There is also the factor of what level consumers have assuaged their pent-up demand for travel and experiences, and if they’ll continue to open up their wallets if the economic situation worsens.

As for the share price of VAC, I see it having to first break through the $155.00 per share mark on its way to $160.00 per share if it is to break out of its current trading ceiling. If it’s not able to, I think we’re going to see it correct further before rebounding, assuming the company performs well in the next couple of quarters.

One thing it has managed to do is continue to have higher lows since mid-June 2022. What it hasn’t been able to do so far is break out. Again, my thesis is it’s because of concerns over sustainable spending on leisure travel in what most believe will be a challenging year ahead of us, and the current performance of the company, as well as expectations for the near future, are already priced in, and I think investors are thinking it’s not going to be quite as optimistic as management thinks going forward.

Momentum is the key

I think momentum is the key element in how to view VAC. By momentum I’m referring to consumer sentiment concerning the economy going forward, and whether or not they’ll continue to prioritize experiences and events that require, for the most part, travel and lodging.

The fact is we simply have no way of knowing how all of this will play out, and a lot of it remains in the hands of the Federal Reserve and other key central banks and how they continue to respond to inflation.

As we come closer to the end of 2022, commentators and analysts are starting to be all over the map concerning what the next steps of the Federal Reserve specifically will be.

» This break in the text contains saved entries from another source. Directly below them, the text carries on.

(* Let $s\ge1$, $n=2s$, and let $A$ be the $n\times n$ matrix with $A_{ij}=1$ if $|i-j|\le s-1$ and $A_{ij}=0$ otherwise. Label the eigenvalues of $A$ so that $|\lambda_1(A)|\ge|\lambda_2(A)|\ge\dots\ge|\lambda_n(A)|$. Then \[ |\lambda_2(A)|=\frac{1}{\sqrt{2+2\cos\left(\frac{2s\pi}{2s+1}\right)}}, \] with corresponding eigenvector $u=[u_j]$, where $u_j=\cos\left(\frac{(2j-1)\pi}{4s+2}\right)$ for $j=1,\dots,s$ and $u_j=-u_{n-j+1}$ for $j=s+1,\dots,n$.
   Context: $A$ is the symmetric banded 0/1 matrix of even order $n=2s$ whose first row has exactly $s$ entries equal to $1$ (the model matrix of the random linear graph is $p(A-I)$). *)

theory Defs
  imports Complex_Main "Jordan_Normal_Form.Char_Poly"
begin

definition band_mat :: "nat \<Rightarrow> real mat" where
  "band_mat s = mat (2*s) (2*s)
     (\<lambda>(i,j). if \<bar>int i - int j\<bar> \<le> int s - 1 then 1 else 0)"

text \<open>A labeling of the eigenvalues (with algebraic multiplicity, over the complex
  numbers) of a square real matrix in order of non-increasing modulus:
  ls ! 0 = lambda_1, ls ! 1 = lambda_2, ...\<close>
definition eigen_labeling :: "real mat \<Rightarrow> complex list \<Rightarrow> bool" where
  "eigen_labeling A ls \<longleftrightarrow>
     length ls = dim_row A \<and>
     char_poly (map_mat complex_of_real A) = (\<Prod>a\<leftarrow>ls. [:- a, 1:]) \<and>
     sorted_wrt (\<lambda>a b. cmod a \<ge> cmod b) ls"

text \<open>The vector u (0-based): u_k = cos((2k+1) pi/(4s+2)) for k < s, and
  u_k = - u_(n-1-k) for s <= k < n (1-based: u_j = cos((2j-1)pi/(4s+2)), u_j = -u_(n-j+1)).\<close>
definition band_u_base :: "nat \<Rightarrow> nat \<Rightarrow> real" where
  "band_u_base s k = cos (real (2*k+1) * pi / real (4*s+2))"

definition band_u :: "nat \<Rightarrow> real vec" where
  "band_u s = vec (2*s)
     (\<lambda>k. if k < s then band_u_base s k else - band_u_base s (2*s - 1 - k))"

end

There are those that believe it isn’t close to raising interest rates high enough to tame inflation, and those that believe it needs to pivot now in order not to wreck the economy.

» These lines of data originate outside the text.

theorem corollary4:
  fixes X :: "'x::euclidean_space set" and U :: "'u::euclidean_space set"
    and f :: "'x \<Rightarrow> 'u \<Rightarrow> 'x" and h :: "'x \<Rightarrow> 'u \<Rightarrow> 'y::euclidean_space"
    and s :: "'y \<Rightarrow> 'u \<Rightarrow> real"
    and \<rho> :: "real \<Rightarrow> real"
    and \<phi> :: "'x \<Rightarrow> 'hx::{real_inner,complete_space}"
    and \<phi>xu :: "'x \<times> 'u \<Rightarrow> 'hxu::{real_inner,complete_space}"
    and S :: "'hxu \<Rightarrow> 'hxu"
    and n :: nat and xs :: "nat \<Rightarrow> 'x" and us :: "nat \<Rightarrow> 'u" and xps :: "nat \<Rightarrow> 'x"
    and \<Theta>S \<Theta>P :: "nat \<Rightarrow> nat \<Rightarrow> real" and \<epsilon>S :: real
  assumes X: "open X" "bounded X" "0 \<in> X"
    and U: "open U" "bounded U" "0 \<in> U"
    and f_maps: "\<forall>x\<in>X. \<forall>u\<in>U. f x u \<in> X"
    and f0: "f 0 0 = 0" and h0: "h 0 0 = 0"
    and rho_nonneg: "\<forall>r\<ge>0. \<rho> r \<ge> 0"
    and feat_x: "is_rkhs_feature (ring_kernel \<rho>) X \<phi>"
    and feat_xu: "is_rkhs_feature (ring_kernel \<rho>) (X \<times> U) \<phi>xu"
    and S_sa: "self_adjoint S"
    and S_s: "\<forall>x\<in>X. \<forall>u\<in>U. s (h x u) u = inner (\<phi>xu (x, u)) (S (\<phi>xu (x, u)))"
    and S_hs: "hilbert_schmidt S"
    and data: "\<forall>i<n. xs i \<in> X \<and> us i \<in> U \<and> xps i = f (xs i) (us i)"
    and S_err: "hs_norm (\<lambda>g. S g - coeff_op n \<Theta>S (\<lambda>i. \<phi>xu (xs i, us i)) g) \<le> \<epsilon>S"
    and LMI: "\<forall>i<n. quad_diag n (gram (ring_kernel \<rho>) xs xps) \<Theta>P i
                  - quad_diag n (gram (ring_kernel \<rho>) xs xs) \<Theta>P i
                  - quad_diag n (gram (ring_kernel \<rho>) (\<lambda>i. (xs i, us i)) (\<lambda>i. (xs i, us i))) \<Theta>S i \<le> 0"
  shows "let vhat = (\<lambda>x. inner (\<phi> x) (coeff_op n \<Theta>P (\<lambda>i. \<phi> (xs i)) (\<phi> x)));
             w = (\<lambda>x u. vhat (f x u) - vhat x - s (h x u) u)
         in \<forall>i<n. norm (xs i, us i) \<noteq> 0 \<longrightarrow>
              w (xs i) (us i) / (norm (xs i, us i))\<^sup>2 \<le> \<epsilon>S * \<rho> 0"
  unfolding Let_def
proof (intro allI impI)
  fix i assume i: "i < n" and nonzero: "norm (xs i, us i) \<noteq> 0"
  define z where "z j = (xs j, us j)" for j
  define g where "g j = \<phi>xu (z j)" for j
  have z_in: "z j \<in> X \<times> U" if "j < n" for j
    using data that by (simp add: z_def)
  have xps_i: "f (xs i) (us i) = xps i" "xps i \<in> X"
    using data f_maps i by auto
  have vhat_xps: "inner (\<phi> (xps i)) (coeff_op n \<Theta>P (\<lambda>j. \<phi> (xs j)) (\<phi> (xps i)))
      = quad_diag n (gram (ring_kernel \<rho>) xs xps) \<Theta>P i"
    using data xps_i by (intro inner_coeff_op_eq_quad_diag is_rkhs_feature_inner[OF feat_x]) auto
  have vhat_xs: "inner (\<phi> (xs i)) (coeff_op n \<Theta>P (\<lambda>j. \<phi> (xs j)) (\<phi> (xs i)))
      = quad_diag n (gram (ring_kernel \<rho>) xs xs) \<Theta>P i"
    using data i by (intro inner_coeff_op_eq_quad_diag is_rkhs_feature_inner[OF feat_x]) auto
  have S_hat: "inner (g i) (coeff_op n \<Theta>S g (g i)) = quad_diag n (gram (ring_kernel \<rho>) z z) \<Theta>S i"
    unfolding g_def using z_in i by (intro inner_coeff_op_eq_quad_diag is_rkhs_feature_inner[OF feat_xu])
  have s_i: "s (h (xs i) (us i)) (us i) = inner (g i) (S (g i))"
    using S_s data i by (simp add: g_def z_def)
  have "inner (\<phi> (f (xs i) (us i))) (coeff_op n \<Theta>P (\<lambda>j. \<phi> (xs j)) (\<phi> (f (xs i) (us i))))
      - inner (\<phi> (xs i)) (coeff_op n \<Theta>P (\<lambda>j. \<phi> (xs j)) (\<phi> (xs i))) - s (h (xs i) (us i)) (us i)
      \<le> - inner (g i) (S (g i) - coeff_op n \<Theta>S g (g i))" (is "?w \<le> _")
    using LMI i unfolding xps_i vhat_xps vhat_xs s_i
    by (simp add: inner_diff_right S_hat z_def[abs_def])
  also have "\<dots> \<le> hs_norm (\<lambda>v. S v - coeff_op n \<Theta>S g v) * (norm (g i))\<^sup>2"
    using abs_inner_diff_coeff_op_le_hs_norm[OF S_hs, of "g i" n \<Theta>S g] by linarith
  also have "\<dots> \<le> \<epsilon>S * (norm (g i))\<^sup>2"
    using S_err by (intro mult_right_mono) (simp_all add: g_def[abs_def] z_def)
  also have "\<dots> = \<epsilon>S * \<rho> 0 * (norm (xs i, us i))\<^sup>2"
    using norm_ring_kernel_feature[OF feat_xu z_in[OF i]] by (simp add: g_def z_def)
  finally have "?w \<le> \<epsilon>S * \<rho> 0 * (norm (xs i, us i))\<^sup>2" .
  moreover have "0 < (norm (xs i, us i))\<^sup>2"
    using nonzero by simp
  ultimately show "?w / (norm (xs i, us i))\<^sup>2 \<le> \<epsilon>S * \<rho> 0"
    by (simp only: pos_divide_le_eq)
qed

end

We are also starting to see a lot of businesses starting to lower employee counts, even in the midst of the seasonal temporary hiring that comes during the holiday season.

VAC does have some resilience because it takes longer for economic weakness to filter up to the primary customer base it serves, but if companies accelerate the firing process, especially among higher-income individuals, it’s going to make people think twice about spending on travel and leisure activities, which would definitely cut into the performance of VAC.

Conclusion

Along with expectations of investors concerning the performance of VAC probably already being priced in, I also think it’s struggled to break out of its current share price ceiling because of the lack of clarity on what’s going to happen in the economy next year, and what the Fed is going to do over the next couple of quarters.

If the Fed were to pivot, it would be a big boost to VAC, as consumers would feel comfortable, in my opinion, with continuing to spend on travel. That would be the one catalyst that probably would drive its share price higher. I don’t think that’s going to play out that way, but it could.

With the information available at this time, it seems investors are taking a wait-and-see outlook concerning VAC, holding back until they see where inflation is at and how the Federal Reserve will react to it with its next interest rate hike.

For that reason, I think VAC is going to continue to be rangebound until a catalyst emerges that provides some direction as to how it’ll perform in the market it competes in; and that catalyst could be a positive one or a negative one.

Concerning the longer term, VAC is well-positioned for long-term growth, and patient shareholders should continue to do well by holding on. For those considering taking a new position, I think it would be better to wait to see what happens in the next couple of quarters, as it’s trading at a pretty hefty level at this time with not a lot of upside left under current market conditions.

The stock has been trading volatile as of late, and has made some big swings over the last six months. I don’t see that changing in the near future, so waiting for a pullback, for those wanting to take a position, would probably be the best way to play VAC at this time.